O despreparo nas ações após a tragédia

Atualizado: Quarta-feira, 1 Fevereiro de 2012 as 9:16

O Rio de Janeiro não está preparado para lidar com emergências como o desmoronamento dos três prédios na avenida Treze de Maio, ocorrido há uma semana no centro da capital fluminense. Esta é a avaliação do engenheiro da UERJ (Universidade do Estado do Rio de Janeiro) Gilberto Menezes Moraes, especializado em estruturas. Ao menos 17 pessoas morreram no acidente e outras cinco ainda estão desaparecidas.

O engenheiro civil afirma que faltou logística na retirada das mais de 40 mil toneladas de escombros que se empilharam numa montanha de entulho de quase 15 metros de altura. Isso pode dificultar o trabalho de perícia. “Não dá para esperar uma resposta suíça ou alemã, mas faltou logística. A cidade não suporta um acontecimento desse porte”, disse ao UOL.

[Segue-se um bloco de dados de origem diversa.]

lemma perron_weighted_double_sum:
  fixes M :: "real mat"
  assumes row: "\<And>i. i < n \<Longrightarrow> (\<Sum>j<n. M $$ (i,j) * p $ j) = \<sigma> * p $ i"
    and p_pos: "\<And>i. i < n \<Longrightarrow> 0 < p $ i"
  shows "(\<Sum>i<n. \<Sum>j<n. (x $ i)\<^sup>2 / p $ i * (M $$ (i,j) * p $ j)) = \<sigma> * (\<Sum>i<n. (x $ i)\<^sup>2)"
proof -
  have "(\<Sum>j<n. (x $ i)\<^sup>2 / p $ i * (M $$ (i,j) * p $ j)) = \<sigma> * (x $ i)\<^sup>2" if i: "i < n" for i
  proof -
    have "(\<Sum>j<n. (x $ i)\<^sup>2 / p $ i * (M $$ (i,j) * p $ j))
        = (x $ i)\<^sup>2 / p $ i * (\<Sum>j<n. M $$ (i,j) * p $ j)"
      by (simp add: sum_distrib_left)
    thus ?thesis using row[OF i] p_pos[OF i] by simp
  qed
  thus ?thesis by (simp add: sum_distrib_left)
qed

lemma abs_quadratic_form_le_perron_root:
  fixes M :: "real mat"
  assumes M: "M \<in> carrier_mat n n" and sym: "M\<^sup>T = M"
    and nonneg: "\<And>i j. i < n \<Longrightarrow> j < n \<Longrightarrow> 0 \<le> M $$ (i,j)"
    and p: "p \<in> carrier_vec n" and p_pos: "\<And>i. i < n \<Longrightarrow> 0 < p $ i"
    and Mp: "M *\<^sub>v p = \<sigma> \<cdot>\<^sub>v p" and x: "x \<in> carrier_vec n"
  shows "\<bar>x \<bullet> (M *\<^sub>v x)\<bar> \<le> \<sigma> * (x \<bullet> x)"
proof -
  have M_sym: "M $$ (i,j) = M $$ (j,i)" if "i < n" "j < n" for i j
    using that M sym by (metis carrier_matD index_transpose_mat(1))
  have row: "(\<Sum>j<n. M $$ (i,j) * p $ j) = \<sigma> * p $ i" if i: "i < n" for i
  proof -
    have "(\<Sum>j<n. M $$ (i,j) * p $ j) = (M *\<^sub>v p) $ i"
      using i M p by (auto simp: scalar_prod_def atLeast0LessThan)
    thus ?thesis unfolding Mp using i p by simp
  qed
  txt \<open>Schur test: weight \<open>\<bar>x\<^sub>i x\<^sub>j\<bar>\<close> by the ratio \<open>p\<^sub>j / p\<^sub>i\<close> of Perron coordinates.\<close>
  have "\<bar>x \<bullet> (M *\<^sub>v x)\<bar> \<le> (\<Sum>i<n. \<Sum>j<n. \<bar>M $$ (i,j) * x $ i * x $ j\<bar>)"
    unfolding scalar_prod_eq_double_sum[OF M x]
    by (rule order_trans[OF sum_abs], rule sum_mono, rule sum_abs)
  also have "\<dots> \<le> (\<Sum>i<n. \<Sum>j<n. (x $ i)\<^sup>2 / p $ i * (M $$ (i,j) * p $ j) / 2
      + (x $ j)\<^sup>2 / p $ j * (M $$ (i,j) * p $ i) / 2)"
    using nonneg p_pos by (intro sum_mono abs_mult_le_perron_weighted) auto
  also have "\<dots> = (\<Sum>i<n. \<Sum>j<n. (x $ i)\<^sup>2 / p $ i * (M $$ (i,j) * p $ j)) / 2
      + (\<Sum>i<n. \<Sum>j<n. (x $ j)\<^sup>2 / p $ j * (M $$ (i,j) * p $ i)) / 2"
    by (simp only: sum.distrib sum_divide_distrib)
  finally have bound: "\<bar>x \<bullet> (M *\<^sub>v x)\<bar>
      \<le> (\<Sum>i<n. \<Sum>j<n. (x $ i)\<^sup>2 / p $ i * (M $$ (i,j) * p $ j)) / 2
        + (\<Sum>i<n. \<Sum>j<n. (x $ j)\<^sup>2 / p $ j * (M $$ (i,j) * p $ i)) / 2" .
  have "(\<Sum>i<n. \<Sum>j<n. (x $ j)\<^sup>2 / p $ j * (M $$ (i,j) * p $ i))
      = (\<Sum>j<n. \<Sum>i<n. (x $ j)\<^sup>2 / p $ j * (M $$ (j,i) * p $ i))"
    by (subst sum.swap) (intro sum.cong refl, metis M_sym lessThan_iff)
  note sum2 = this[unfolded perron_weighted_double_sum[OF row p_pos]]
  note sum1 = perron_weighted_double_sum[OF row p_pos]
  show ?thesis using bound sum1 sum2 unfolding scalar_prod_self_eq_sum_squares[OF x] by simp
qed

lemma eigenvalue_one_mat:
  assumes "eigenvalue (1\<^sub>m n :: 'a :: field mat) e"
  shows "e = 1"
proof -
  obtain v where v: "v \<in> carrier_vec n" "v \<noteq> 0\<^sub>v n" and "1\<^sub>m n *\<^sub>v v = e \<cdot>\<^sub>v v"
    using assms unfolding eigenvalue_def eigenvector_def by auto
  hence ev: "v = e \<cdot>\<^sub>v v" using v by simp
  obtain i where "i < n" "v $ i \<noteq> 0" using v by (metis eq_vecI carrier_vecD index_zero_vec)
  moreover have "v $ i = e * v $ i" using arg_cong[OF ev, of "\<lambda>w. w $ i"] \<open>i < n\<close> v by simp
  ultimately show ?thesis by simp
qed

section \<open>Eigenvalue lists ordered by absolute value\<close>

lemma two_le_length_filter:
  assumes "a \<in> set l" and "b \<in> set l" and "a \<noteq> b" and "P a" and "P b"
  shows "2 \<le> length (filter P l)"
proof -
  have "card {a, b} \<le> card (set (filter P l))" using assms by (intro card_mono) auto
  also have "\<dots> \<le> length (filter P l)" by (rule card_length)
  finally show ?thesis using assms(3) by simp
qed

Segundo o especialista, as decisões foram todas tomadas no “calor dos acontecimentos” e faltou uma rede de informação que integrasse os centros de pesquisa e universidades ao Centro de Operações da Prefeitura do Rio, que reúne 30 órgãos de monitoramento da cidade.

“A prefeitura aprendeu que tem que ter uma equipe disponível, um pessoal especializado para ser acionado em casos de emergência. Mas as autoridades são refratárias em pedir ajuda. O Centro de Operações da prefeitura tem que ser usado numa hora dessas e não só para casos de enchente”, argumentou.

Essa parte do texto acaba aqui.